William Morris gallery / Red house

昨日に引き続き、モリス関連の施設をまわる。ロンドン北東部にあるWilliam Morris galllery、および彼の仕事場だったロンドン南部にあるRed Houseに行った。どれも内部写真が無いので、ただ外観だけしか記録が無いが、どの施設も充実した展示で興味深かった。モリスギャラリーの方は豊富な資料で、知識としてモリスを知ることができ、レッドハウスの方は、当時のままの空間がそのまま残されているので、体感としてモリスを知ることができる。

_DSC4118 _DSC4120 _DSC4123

ケルムスコット・プレスでモリスの作った3つの書体の見本なども置いてあって、興味深かった。またモリスの妻ジェーンと、友人の画家ロセッティが、退屈なケルムスコットマナーで不倫関係になって心にダメージを負ったモリスがアイスランドにセンチメンタルジャーニーに出て、そこでまた今までに無かったデザインの啓示を受けるあたりの資料など、知らなかったものも多くあり楽しめた。

_DSC4127 _DSC4128 _DSC4131 _DSC4133 _DSC4137

Kelmscott Manor

W氏と話していてWilliam Morris系の施設を一気に行くという話になり、この土日をかけていくつかの施設を訪れた。

この日はオックスフォードよりもっと西に行った農村部にある、モリスの別荘ケルムスコット・マナーに行ってみた。モリスが家族と、家族ぐるみの友人の画家ロセッティと過ごしたところ。内部写真が取れなかったためにあまり写真が無いが、ところどころモリスデザインの壁紙や、家具があるものの、全体的には非常に簡素な、素朴きわまる家でとても良かった。

モリスのデザインは、テキスタイルや晩年の超装飾的なケルムスコット・プレスの書籍などから、わりとデコラティブで華やかなものというイメージがあったが、自身の住まいは想像よりずっと、モノがなかった。

たしかにモリスの考え方の根元にあるのは、ジョン・ラスキンなどの自然をとにかく崇拝するという考え方であると、学生の頃、習ったので、ものに縛られて時間に追われる暮らしでなく、ただ自然の中でゆっくりと暮らすことが美しいと心底思っていたのであろうことはよくわかった。モリスの好きだったというバイブリーという田舎町にも以前、行ったが、そこも似たような印象だった。

ただ、そのレベルにまで精神的に成熟するのは、普通の人には難しい。当時すでに世の中は大量生産と大量消費の近代化の最中だったので、その中ではこういう素朴な暮らしぶりは、凄まじく退屈に映っただろうし、受け入れられにくかっただろうと思う。
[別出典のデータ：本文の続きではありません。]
lemma laplacian_solvable:
  assumes "(\<Sum>a\<in>V. r a) = 0"
  shows "\<exists>x. \<forall>a\<in>V. laplacian x a = r a"
proof -
  \<comment> \<open>the rank-one term \<open>\<Sum>x\<close> fills the one-dimensional kernel of the Laplacian\<close>
  define c where "c a b = (if a = b then (\<Sum>d\<in>V. W a d) else 0) - W a b + 1" for a b
  have c: "(\<Sum>b\<in>V. c a b * x b) = laplacian x a + (\<Sum>b\<in>V. x b)" if "a \<in> V" for a x
  proof -
    have "(\<Sum>b\<in>V. c a b * x b) = (\<Sum>b\<in>V. (if a = b then (\<Sum>d\<in>V. W a d) * x b else 0))
        - (\<Sum>b\<in>V. W a b * x b) + (\<Sum>b\<in>V. x b)"
      unfolding c_def sum_subtractf[symmetric] sum.distrib[symmetric]
      by (rule sum.cong) (auto simp: algebra_simps)
    with that finite_V show ?thesis by (simp add: laplacian_eq)
  qed
  have n: "real (card V) > 0" using finite_V V_nonempty by (simp add: card_gt_0_iff)
  have sum_0: "(\<Sum>b\<in>V. x b) = 0"
    if "\<forall>a\<in>V. laplacian x a + (\<Sum>b\<in>V. x b) = r a" "(\<Sum>a\<in>V. r a) = 0" for r x
  proof -
    have "(\<Sum>a\<in>V. laplacian x a + (\<Sum>b\<in>V. x b)) = 0" using that by simp
    then show ?thesis using n by (simp add: sum.distrib sum_laplacian)
  qed
  have "\<forall>a\<in>V. x a = 0" if "\<forall>a\<in>V. (\<Sum>b\<in>V. c a b * x b) = 0" for x
  proof -
    have "\<forall>a\<in>V. laplacian x a + (\<Sum>b\<in>V. x b) = 0" using that c by simp
    with sum_0[of x "\<lambda>_. 0"] have sum_x: "(\<Sum>b\<in>V. x b) = 0" and "\<forall>a\<in>V. laplacian x a = 0" by simp_all
    then have "(\<Sum>a\<in>V. x a * laplacian x a) = 0" by simp
    moreover obtain a0 where "a0 \<in> V" using V_nonempty by blast
    ultimately have const: "x a = x a0" if "a \<in> V" for a
      using const_if_laplacian_quadratic_eq_0 that by blast
    then have "real (card V) * x a0 = 0" using sum_x by simp
    with const n show ?thesis by simp

  qed
  then obtain x where "\<forall>a\<in>V. (\<Sum>b\<in>V. c a b * x b) = r a"
    using finite_linear_system_solvable[OF finite_V] by blast
  with c sum_0[of x r] assms show ?thesis by auto
qed

lemma laplacian_bound:
  assumes "a \<in> V" and bound: "\<And>b. b \<in> V \<Longrightarrow> \<bar>x b\<bar> \<le> r"
  shows "\<bar>laplacian x a\<bar> \<le> 2 * r * (\<Sum>b\<in>V. W a b)"
proof -
  have "\<bar>laplacian x a\<bar> \<le> (\<Sum>b\<in>V. \<bar>W a b * (x a - x b)\<bar>)" unfolding laplacian_def by (rule sum_abs)
  also have "\<dots> \<le> (\<Sum>b\<in>V. W a b * (2 * r))"
  proof (intro sum_mono)
    fix b assume "b \<in> V"
    then have "\<bar>x a - x b\<bar> \<le> 2 * r" using bound[of a] bound[of b] \<open>a \<in> V\<close> by linarith
    then show "\<bar>W a b * (x a - x b)\<bar> \<le> W a b * (2 * r)"
      using W_nonneg[OF \<open>a \<in> V\<close> \<open>b \<in> V\<close>] by (simp add: abs_mult mult_left_mono)
  qed
  finally show ?thesis by (simp add: sum_distrib_right mult.commute)
qed

lemma has_real_derivative_laplacian:
  assumes "\<And>v. v \<in> V \<Longrightarrow> ((\<lambda>s. X s v) has_real_derivative X' v) (at t within S)" "a \<in> V"
  shows "((\<lambda>s. laplacian (X s) a) has_real_derivative laplacian X' a) (at t within S)"
  unfolding laplacian_def using assms by (intro DERIV_sum DERIV_cmult DERIV_diff) auto

lemma tendsto_laplacian:
  assumes "\<And>v. v \<in> V \<Longrightarrow> ((\<lambda>t. X t v) \<longlongrightarrow> x v) F" "a \<in> V"
  shows "((\<lambda>t. laplacian (X t) a) \<longlongrightarrow> laplacian x a) F"
  unfolding laplacian_def using assms by (intro tendsto_sum tendsto_mult tendsto_diff tendsto_const) auto

lemma lipschitz_bounded_on_laplacian:
  assumes "\<And>v. v \<in> V \<Longrightarrow> lipschitz_bounded_on U (\<lambda>t. X t v)" "a \<in> V"
  shows "lipschitz_bounded_on U (\<lambda>t. laplacian (X t) a)"
  unfolding laplacian_def using assms
  by (intro lipschitz_bounded_on_sum lipschitz_bounded_on_mult lipschitz_bounded_on_const
      lipschitz_bounded_on_diff) auto

lemma differences_tendsto_0_if_laplacian_quadratic_tendsto_0:
  fixes X :: "'b \<Rightarrow> 'a \<Rightarrow> real"
  assumes lim: "((\<lambda>t. \<Sum>a\<in>V. X t a * laplacian (X t) a) \<longlongrightarrow> 0) F" and "a \<in> V" "b \<in> V"
  shows "((\<lambda>t. X t a - X t b) \<longlongrightarrow> 0) F"
  using assms(2,3)
proof (rule connected_induct)
  fix u y z assume IH: "((\<lambda>t. X t u - X t y) \<longlongrightarrow> 0) F" and "y \<in> V" "z \<in> V" "0 < W y z"
  have "((\<lambda>t. (X t y - X t z)^2) \<longlongrightarrow> 0) F"
  proof (rule Lim_null_comparison)
    show "((\<lambda>t. 2 / W y z * (\<Sum>a\<in>V. X t a * laplacian (X t) a)) \<longlongrightarrow> 0) F"
      by (rule tendsto_mult_right_zero[OF lim])
    show "eventually (\<lambda>t. norm ((X t y - X t z)^2) \<le> 2 / W y z * (\<Sum>a\<in>V. X t a * laplacian (X t) a)) F"
      using edge_le_laplacian_quadratic[OF \<open>y \<in> V\<close> \<open>z \<in> V\<close>] \<open>0 < W y z\<close>
      by (intro always_eventually) (simp add: field_simps)
  qed
  then have "((\<lambda>t. (X t u - X t y) + (X t y - X t z)) \<longlongrightarrow> 0 + 0) F"
    by (intro tendsto_add IH) simp
  then show "((\<lambda>t. X t u - X t z) \<longlongrightarrow> 0) F" by simp
qed simp

lemma laplacian_tendsto_0_if_differences_tendsto_0:
  assumes "\<And>a b. a \<in> V \<Longrightarrow> b \<in> V \<Longrightarrow> ((\<lambda>t. X t a - X t b) \<longlongrightarrow> 0) F" "a \<in> V"
  shows "((\<lambda>t. laplacian (X t) a) \<longlongrightarrow> 0) F"
  unfolding laplacian_def using assms by (intro tendsto_null_sum tendsto_mult_right_zero) auto

end

section \<open>The saddle-point flow\<close>

lemma monotone_lipschitz_cocoercive:
  fixes g :: "real \<Rightarrow> real"
  assumes mono: "\<And>x y. x \<le> y \<Longrightarrow> g x \<le> g y" and lip: "K-lipschitz_on S g"
    and "x \<in> S" "y \<in> S"
  shows "(g x - g y)^2 \<le> K * ((x - y) * (g x - g y))"
proof -
  have same_sign: "0 \<le> (x - y) * (g x - g y)"
    using mono[of x y] mono[of y x] by (cases "x \<le> y") (auto intro: mult_nonpos_nonpos)
  have "(g x - g y)^2 = \<bar>g x - g y\<bar> * \<bar>g x - g y\<bar>" by (simp add: power2_eq_square)
  also have "\<dots> \<le> (K * \<bar>x - y\<bar>) * \<bar>g x - g y\<bar>"
    using lipschitz_onD[OF lip assms(3,4)] by (intro mult_right_mono) (auto simp: dist_real_def)
  also have "\<dots> = K * ((x - y) * (g x - g y))"
    using same_sign by (simp add: abs_mult[symmetric])
  finally show ?thesis .
qed

locale saddle_flow = weighted_graph V W for V :: "'a set" and W +
  fixes g :: "'a \<Rightarrow> real \<Rightarrow> real" and Y \<Lambda> :: "real \<Rightarrow> 'a \<Rightarrow> real" and x_opt :: real
  assumes g_mono: "\<And>v x y. v \<in> V \<Longrightarrow> x \<le> y \<Longrightarrow> g v x \<le> g v y"
    and g_lipschitz: "\<And>v R. v \<in> V \<Longrightarrow> \<exists>K. K-lipschitz_on {-R..R} (g v)"
    and x_opt: "(\<Sum>v\<in>V. g v x_opt) = 0"
    and Y_deriv: "\<And>t v. t \<ge> 0 \<Longrightarrow> v \<in> V \<Longrightarrow> ((\<lambda>s. Y s v) has_real_derivative
          - g v (Y t v) - laplacian (Y t) v - laplacian (\<Lambda> t) v) (at t within {0..})"
    and \<Lambda>_deriv: "\<And>t v. t \<ge> 0 \<Longrightarrow> v \<in> V \<Longrightarrow>
          ((\<lambda>s. \<Lambda> s v) has_real_derivative laplacian (Y t) v) (at t within {0..})"
begin

definition is_equilibrium :: "real \<Rightarrow> ('a \<Rightarrow> real) \<Rightarrow> bool" where
  "is_equilibrium y L \<longleftrightarrow> (\<forall>v\<in>V. g v y + laplacian L v = 0)"

definition lyapunov :: "real \<Rightarrow> ('a \<Rightarrow> real) \<Rightarrow> real \<Rightarrow> real" where
  "lyapunov y L t = (\<Sum>v\<in>V. ((Y t v - y)^2 + (\<Lambda> t v - L v)^2) / 2)"

definition primal_dissipation :: "real \<Rightarrow> real \<Rightarrow> real" where
  "primal_dissipation y t = (\<Sum>v\<in>V. (Y t v - y) * (g v (Y t v) - g v y))"

definition consensus_dissipation :: "real \<Rightarrow> real" where
  "consensus_dissipation t = (\<Sum>v\<in>V. Y t v * laplacian (Y t) v)"

lemma g_continuous: "v \<in> V \<Longrightarrow> isCont (g v) x"
proof -
  assume "v \<in> V"
  then obtain K where "K-lipschitz_on {-(\<bar>x\<bar> + 1)..\<bar>x\<bar> + 1} (g v)" using g_lipschitz by blast
  then have "continuous_on {-(\<bar>x\<bar> + 1)..\<bar>x\<bar> + 1} (g v)" by (rule lipschitz_on_continuous_on)
  then show "isCont (g v) x" by (rule continuous_on_interior) auto
qed

lemma monotone_product_nonneg: "v \<in> V \<Longrightarrow> 0 \<le> (a - b) * (g v a - g v b)"
  using g_mono[of v a b] g_mono[of v b a] by (cases "a \<le> b") (auto intro: mult_nonpos_nonpos)

lemma primal_dissipation_nonneg: "0 \<le> primal_dissipation y t"
  unfolding primal_dissipation_def by (intro sum_nonneg monotone_product_nonneg)

lemma consensus_dissipation_nonneg: "0 \<le> consensus_dissipation t"
  unfolding consensus_dissipation_def by (rule laplacian_quadratic_nonneg)

lemma lyapunov_nonneg: "0 \<le> lyapunov y L t"
  unfolding lyapunov_def by (intro sum_nonneg) auto

lemma lyapunov_component_le:
  "v \<in> V \<Longrightarrow> (Y t v - y)^2 + (\<Lambda> t v - L v)^2 \<le> 2 * lyapunov y L t"
  unfolding lyapunov_def using member_le_sum[of v V "\<lambda>v. ((Y t v - y)^2 + (\<Lambda> t v - L v)^2) / 2"]
  by (simp add: finite_V)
退廃的とさえ思われたと思う。

_DSC4098_DSC4100_DSC4096_DSC4095 _DSC4087 _DSC4088

ただモリスはデザイン力が突出していたので、自然を写し取ったきれいな家具や壁紙を作って、まず人々の意識をなんとか変えようと思って、例のアーツ・アンド・クラフツ運動をはじめた。
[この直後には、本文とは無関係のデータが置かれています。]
lemma iter_Suc_update:
  fixes A :: "real^'d^'n" and b :: "real^'n" and x0 :: "real^'d" and ws :: "nat \<Rightarrow> real^'n"
    and l :: nat
  defines "x \<equiv> fst (iter A b x0 ws l)" and "S \<equiv> snd (iter A b x0 ws l)"
    and "a \<equiv> transpose A *v ws l"
  assumes sym: "\<And>u v. (S *v u) \<bullet> v = u \<bullet> (S *v v)" and sol: "A *v xstar = b"
    and nz: "S *v a \<noteq> 0"
  shows "fst (iter A b x0 ws (Suc l)) = x + ((a \<bullet> (xstar - x)) / (a \<bullet> (S *v a))) *\<^sub>R (S *v a)"
    and "snd (iter A b x0 ws (Suc l)) *v v
           = S *v v - (((S *v a) \<bullet> v) / (a \<bullet> (S *v a))) *\<^sub>R (S *v a)"
proof -
  let ?w = "ws l"
  have cond: "(S ** transpose A) *v ?w = S *v a"
    by (simp add: a_def matrix_vector_mul_assoc)
  have den: "?w \<bullet> ((A ** S ** transpose A) *v ?w) = a \<bullet> (S *v a)"
    by (simp add: a_def matrix_vector_mul_assoc[symmetric] inner_transpose_mult_vec)
  have step_x: "(S ** transpose A ** outer ?w ?w) *v (b - A *v x) = (a \<bullet> (xstar - x)) *\<^sub>R (S *v a)"
    by (simp add: a_def sol[symmetric] matrix_vector_mul_assoc[symmetric] outer_mult_vec
        matrix_vector_mult_scaleR matrix_vector_mult_diff_distrib[symmetric] inner_transpose_mult_vec)
  have step_S: "(S ** transpose A ** outer ?w ?w ** A ** S) *v v = ((S *v a) \<bullet> v) *\<^sub>R (S *v a)"
    by (simp add: a_def matrix_vector_mul_assoc[symmetric] outer_mult_vec matrix_vector_mult_scaleR
        inner_transpose_mult_vec sym)
  show "fst (iter A b x0 ws (Suc l)) = x + ((a \<bullet> (xstar - x)) / (a \<bullet> (S *v a))) *\<^sub>R (S *v a)"
    using nz cond den step_x by (simp add: Let_def x_def S_def)
  show "snd (iter A b x0 ws (Suc l)) *v v
           = S *v v - (((S *v a) \<bullet> v) / (a \<bullet> (S *v a))) *\<^sub>R (S *v a)"
    using nz cond den step_S
    by (simp add: Let_def x_def S_def matrix_vector_mult_diff_rdistrib
        scaleR_matrix_vector_assoc[symmetric])
qed

lemma iter_invariant_iter:
  fixes A :: "real^'d^'n"
  assumes sol: "A *v xstar = b"
  shows "iter_invariant {transpose A *v ws i | i. i < l}
           (snd (iter A b x0 ws l)) (fst (iter A b x0 ws l)) x0 xstar"
proof (induction l)
  case 0
  show ?case by (simp add: iter_invariant_def orth_comp_projector_def in_orthogonal_comp_iff)
next
  case (Suc l)
  let ?S = "snd (iter A b x0 ws l)" and ?a = "transpose A *v ws l"
  have G_Suc: "{transpose A *v ws i | i. i < Suc l} = insert ?a {transpose A *v ws i | i. i < l}"
    by (auto simp: less_Suc_eq)
  show ?case
  proof (cases "?S *v ?a = 0")
    case True
    show ?thesis
      using iter_invariant_skip[OF Suc.IH True] unfolding G_Suc iter_Suc_skip[OF True] .
  next
    case False
    have sym: "\<And>u v. (?S *v u) \<bullet> v = u \<bullet> (?S *v v)"
      using Suc.IH by (simp add: iter_invariant_def orth_comp_projector_def)
    show ?thesis
      using iter_invariant_update[OF Suc.IH refl False iter_Suc_update(2)[OF sym sol False]]
      unfolding G_Suc iter_Suc_update(1)[OF sym sol False] .
  qed
qed

lemma solves_iff_orth_proj_eq:
  fixes A :: "real^'d^'n"
  assumes sol: "A *v xstar = b" and R: "subspace R" "R \<subseteq> row_space A"
    and xR: "x - x0 \<in> R" and xo: "x - xstar \<in> orthogonal_comp R"
  shows "A *v x = b \<longleftrightarrow>
    orth_proj (row_space A \<inter> orthogonal_comp R) x0 = orth_proj (row_space A \<inter> orthogonal_comp R) xstar"
proof -
  define V where "V = row_space A \<inter> orthogonal_comp R"
  have row: "subspace (row_space A)" by (simp add: row_space_def)
  then have V: "subspace V" by (simp add: V_def subspace_inter subspace_orthogonal_comp)
  have "x - x0 \<in> orthogonal_comp V"
    using xR by (simp add: V_def in_orthogonal_comp_iff inner_commute)
  then have shift: "x0 - xstar \<in> orthogonal_comp V \<longleftrightarrow> x - xstar \<in> orthogonal_comp V"
    using subspace_add[OF subspace_orthogonal_comp, of "x0 - xstar" V "x - x0"]
      subspace_diff[OF subspace_orthogonal_comp, of "x - xstar" V "x - x0"]
    by auto
  have "A *v x = b \<longleftrightarrow> A *v (x - xstar) = 0"
    by (simp add: sol[symmetric] matrix_vector_mult_diff_distrib)
  also have "\<dots> \<longleftrightarrow> x - xstar \<in> orthogonal_comp (row_space A)"
    by (rule matrix_vector_mult_eq_0_iff)
  also have "\<dots> \<longleftrightarrow> x - xstar \<in> orthogonal_comp V"
    unfolding V_def by (rule in_orthogonal_comp_Int_orthogonal_comp_iff[OF R(1) row R(2) xo, symmetric])
  also have "\<dots> \<longleftrightarrow> orth_proj V x0 = orth_proj V xstar"
    by (simp add: shift orth_proj_eq_iff[OF V])
  finally show ?thesis unfolding V_def .
qed

lemma iter_solves_iff_orth_proj_eq:
  fixes A :: "real^'d^'n" and ws :: "nat \<Rightarrow> real^'n"
  assumes sol: "A *v xstar = b" and R: "subspace R" "R \<subseteq> row_space A"
    and dirs: "\<And>l. transpose A *v ws l \<in> R"
    and cover: "R \<subseteq> span {transpose A *v ws i | i. i \<le> T}"
  shows "A *v fst (iter A b x0 ws (Suc T)) = b \<longleftrightarrow>
    orth_proj (row_space A \<inter> orthogonal_comp R) x0 = orth_proj (row_space A \<inter> orthogonal_comp R) xstar"
proof -
  let ?G = "{transpose A *v ws i | i. i < Suc T}"
  define x where "x = fst (iter A b x0 ws (Suc T))"
  have "?G = {transpose A *v ws i | i. i \<le> T}" by (auto simp: less_Suc_eq_le)
  then have G: "span ?G = R"
    using cover span_minimal[of ?G R] dirs R(1) by auto
  have "iter_invariant ?G (snd (iter A b x0 ws (Suc T))) x x0 xstar"
    unfolding x_def by (rule iter_invariant_iter[OF sol])
  then have "x - x0 \<in> R" and "x - xstar \<in> orthogonal_comp R"
    by (simp_all add: iter_invariant_def G flip: orthogonal_comp_span[of ?G])
  from solves_iff_orth_proj_eq[OF sol R this] show ?thesis unfolding x_def .
qed

lemma Rsp_subset_row_space:
  assumes "prob_space M"
  shows "Rsp M A w \<subseteq> row_space A"
proof -
  have "orthogonal_comp (row_space A) \<subseteq> Nsp M A w"
  proof
    fix q assume "q \<in> orthogonal_comp (row_space A)"
    then have "A *v q = 0" by (simp add: matrix_vector_mult_eq_0_iff)
    then have "{\<omega> \<in> space M. q \<bullet> (transpose A *v w \<omega>) = 0} = space M"
      by (simp add: inner_commute[of q] inner_transpose_mult_vec)
    then have "measure M {\<omega> \<in> space M. q \<bullet> (transpose A *v w \<omega>) = 0} = 1"
      using prob_space.prob_space[OF assms] by simp
    then show "q \<in> Nsp M A w" unfolding Nsp_def by (intro span_base) simp
  qed
  then have "orthogonal_comp (Nsp M A w) \<subseteq> orthogonal_comp (orthogonal_comp (row_space A))"
    by (rule orthogonal_comp_anti_mono)
  moreover have "subspace (row_space A)" by (simp add: row_space_def)
  ultimately show ?thesis by (simp add: Rsp_def orthogonal_comp_self)
qed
結果的にその仕事は成功したが、モリスの家具は高額で、一部の金持ちしか買えなかった上に、ファッション的なトレンドと化し、皆、そのモノ自体を所有する欲にとらわれてしまい、ほぼ誰も、美しいカントリーサイドを愛する、というモリスが望んだ精神レベルに到達することはなかった。
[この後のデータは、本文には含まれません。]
lemma nn_integral_U_cycle: "(\<integral>\<^sup>+x. ennreal (U_cycle n1 x) \<partial>M) = ennreal (q - q ^ (n1 + 1))"
proof -
  have "q ^ (n1 - 1) \<le> 1" using q_pos q_less_p p_plus_q by (simp add: power_le_one)
  then have nonneg: "0 \<le> 1 / p - q ^ (n1 - 1) / p" using p_pos by (simp add: diff_divide_distrib[symmetric])
  have "(\<integral>\<^sup>+x. ennreal (U_cycle n1 x) \<partial>M) =
      ennreal (p * q^2 + \<gamma> * p^2 * q + (1 - \<gamma>) * p^2 * q + q^2 * p * (1 / p - q ^ (n1 - 1) / p))"
    using nn_integral_cycle_pmf[OF _ nonneg esum_U_cycle_ss_cycle] by (simp add: U_cycle_def)
  also have "p * q^2 + \<gamma> * p^2 * q + (1 - \<gamma>) * p^2 * q + q^2 * p * (1 / p - q ^ (n1 - 1) / p) =
      p * q * (p + q) + q^2 - q^2 * q ^ (n1 - 1)"
    using p_pos by (simp add: field_simps power2_eq_square)
  also have "\<dots> = q - q ^ (n1 + 1)"
  proof -
    have "p * q * (p + q) + q^2 = q * (p * (p + q) + q)" by (simp add: algebra_simps power2_eq_square)
    also have "\<dots> = q" using p_plus_q by simp
    finally have "p * q * (p + q) + q^2 = q" .
    moreover have "q^2 * q ^ (n1 - 1) = q ^ (n1 + 1)"
      using two_le_n1 by (simp add: power_add[symmetric])
    ultimately show ?thesis by simp
  qed
  finally show ?thesis .
qed

lemma nn_integral_U_h_cycles_second:
  "(\<integral>\<^sup>+y. ennreal (U_h_cycles n1 x y) \<partial>M) = ennreal (of_bool (x \<in> {cycle_SHH_on_S, cycle_SHH_on_H})
     + of_bool (x \<in> ss_cycle ` mountain ` {..<n1 - 1}) * (p + (1 - \<gamma>) * p^2 * q))"
proof (cases "x \<in> ss_cycle ` mountain ` {..<n1 - 1}")
  case True
  then have "x \<notin> {cycle_SHH_on_S, cycle_SHH_on_H}" by auto
  then have "U_h_cycles n1 x y = of_bool (honest_first y)" for y
    using True by (simp add: U_h_cycles_def)
  then show ?thesis using True \<open>x \<notin> {cycle_SHH_on_S, cycle_SHH_on_H}\<close> nn_integral_honest_first by simp
next
  case False
  then show ?thesis by (simp add: U_h_cycles_def measure_pmf.emeasure_space_1)
qed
モリスはモリスで、仕事が成功しすぎたあまり、死ぬ程、忙しくなって、自分の本当に好んだという生活スタイルからは遠ざかっていく。

それでもデザインと社会活動をやめずに最後まで、狂気をもって尋常でないクオリティの作品群を生み出し続けたことは凄まじい使命感だとは思う。

_DSC4094

このケルムスコット・マナーは、非常にいい感じの雰囲気で、何か癒される感じがあったが、なんとなく、モリス氏の疲労が全てここに堆積しているような気もした。

その後、周辺にあったいくつかのコッツウォルズの町を巡って、帰宅した。